> _What you are asked to do_: Give the number of lines in the entries below that contain "assms". Write nothing besides it.

> _Data for review_:
lemma reduced_energy_boundary_blowup:
  assumes s: "1/2 \<le> s" "s < 1" and a: "0 < a" and \<beta>: "0 < \<beta>"
  shows "\<forall>\<^sub>F \<eta> in at_right 0. \<forall>l>0. \<forall>q \<in> Qclosed \<eta> l - Qopen \<eta> l.
           M < slot_sum (\<lambda>x. reduced_term s a \<beta> (\<bar>x\<bar> / l)) (q :: real^'m)"
proof -
  define \<gamma> :: real where "\<gamma> = (if s = 1/2 then 1 else 2 * s - 1)"
  have \<gamma>: "0 < \<gamma>"
    using s by (simp add: \<gamma>_def)
  define K where "K = M - slot_sum (\<lambda>_. - (\<beta>^2 / (2 * a))) (0 :: real^'m)"
  have "\<forall>\<^sub>F \<eta> in at_right (0::real). 0 < \<eta> \<and> \<eta> < 1/2"
    by (intro eventually_conj eventually_at_right_less)
      (auto simp: eventually_at_right_field intro!: exI[of _ "1/2"])
  moreover have "filterlim (\<lambda>\<eta>. a / (4 * \<eta>)) at_top (at_right 0)"
    using a by real_asymp
  then have "\<forall>\<^sub>F \<eta> in at_right 0. K < a / (4 * \<eta>)"
    by (simp add: filterlim_at_top_dense)
  moreover have "filterlim (\<lambda>\<eta>. \<beta> * \<gamma> * ln (2 / \<eta>)) at_top (at_right 0)"
    using \<beta> \<gamma> by real_asymp
  then have "\<forall>\<^sub>F \<eta> in at_right 0. K < \<beta> * \<gamma> * ln (2 / \<eta>)"
    by (simp add: filterlim_at_top_dense)
  ultimately show ?thesis
  proof eventually_elim
    case (elim \<eta>)
    show ?case
    proof (intro allI impI ballI)
      fix l :: real and q :: "real^'m"
      assume "0 < l" "q \<in> Qclosed \<eta> l - Qopen \<eta> l"
      with elim reduced_energy_boundary_lower[OF s(1) a \<beta> _ _ this] show
        "M < slot_sum (\<lambda>x. reduced_term s a \<beta> (\<bar>x\<bar> / l)) q"
        using slot_sum_const[of "- (\<beta>^2 / (2 * a))" q 0] by (simp add: K_def \<gamma>_def)
    qed
  qed
qed

lemma compact_attains_inf_in_subset:
  fixes f :: "'a::topological_space \<Rightarrow> real"
  assumes "compact C" "continuous_on C f" "A \<subseteq> C" "q0 \<in> A"
    and boundary: "\<And>p. p \<in> C - A \<Longrightarrow> f q0 < f p"
  shows "\<exists>q\<in>A. \<forall>p\<in>C. f q \<le> f p"
proof -
  have "C \<noteq> {}"
    using assms(3,4) by blast
  obtain q where q: "q \<in> C" "\<And>p. p \<in> C \<Longrightarrow> f q \<le> f p"
    using continuous_attains_inf[OF assms(1) \<open>C \<noteq> {}\<close> assms(2)] by blast
  have "f q \<le> f q0"
    using q(2) assms(3,4) by blast
  then have "q \<in> A"
    using boundary[of q] q(1) by fastforce
  with q show ?thesis
    by blast
qed

lemma Xi_rescaled_bounds:
  fixes p :: "real^'m"
  assumes s: "1/2 \<le> s" "s < 1" and \<epsilon>: "0 < \<epsilon>" "\<epsilon> < 1" and \<alpha>: "0 < \<alpha>" and R: "0 < R"
    and U_bounds: "\<And>x. R \<le> \<bar>x\<bar> \<Longrightarrow>
      b * \<bar>x\<bar> powr (-1 - 2 * s) / 2 \<le> U x \<and> U x \<le> 2 * (b * \<bar>x\<bar> powr (-1 - 2 * s))"
    and far: "\<And>x. x \<in> slots p \<Longrightarrow> R \<le> \<bar>x\<bar>"
  shows "slot_sum (\<lambda>_. Xi_shift s \<beta> \<epsilon>) p + ell s \<epsilon> powr (-1 - 2 * s)
           * slot_sum (\<lambda>x. reduced_term s (\<alpha> * b / 2) \<beta> (\<bar>x\<bar> / ell s \<epsilon>)) p
         \<le> Xi s \<alpha> \<beta> U \<epsilon> p"
    and "Xi s \<alpha> \<beta> U \<epsilon> p
         \<le> slot_sum (\<lambda>_. Xi_shift s \<beta> \<epsilon>) p + ell s \<epsilon> powr (-1 - 2 * s)
           * slot_sum (\<lambda>x. reduced_term s (2 * \<alpha> * b) \<beta> (\<bar>x\<bar> / ell s \<epsilon>)) p"
proof -
  have "x \<noteq> 0" "b * \<bar>x\<bar> powr (-1 - 2 * s) / 2 \<le> U x" "U x \<le> 2 * (b * \<bar>x\<bar> powr (-1 - 2 * s))"
    if "x \<in> slots p" for x
    using far[OF that] R U_bounds[OF far[OF that]] by auto
  note slot = Xi_term_bounds[where \<beta> = \<beta> and U = U and b = b, OF s \<epsilon> \<alpha> this]
  show "slot_sum (\<lambda>_. Xi_shift s \<beta> \<epsilon>) p + ell s \<epsilon> powr (-1 - 2 * s)
           * slot_sum (\<lambda>x. reduced_term s (\<alpha> * b / 2) \<beta> (\<bar>x\<bar> / ell s \<epsilon>)) p
         \<le> Xi s \<alpha> \<beta> U \<epsilon> p"
    unfolding Xi_eq_slot_sum slot_sum_affine[symmetric] by (intro slot_sum_mono slot(1))
  show "Xi s \<alpha> \<beta> U \<epsilon> p
         \<le> slot_sum (\<lambda>_. Xi_shift s \<beta> \<epsilon>) p + ell s \<epsilon> powr (-1 - 2 * s)
           * slot_sum (\<lambda>x. reduced_term s (2 * \<alpha> * b) \<beta> (\<bar>x\<bar> / ell s \<epsilon>)) p"
    unfolding Xi_eq_slot_sum slot_sum_affine[symmetric] by (intro slot_sum_mono slot(2))
qed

> _Written response_: 3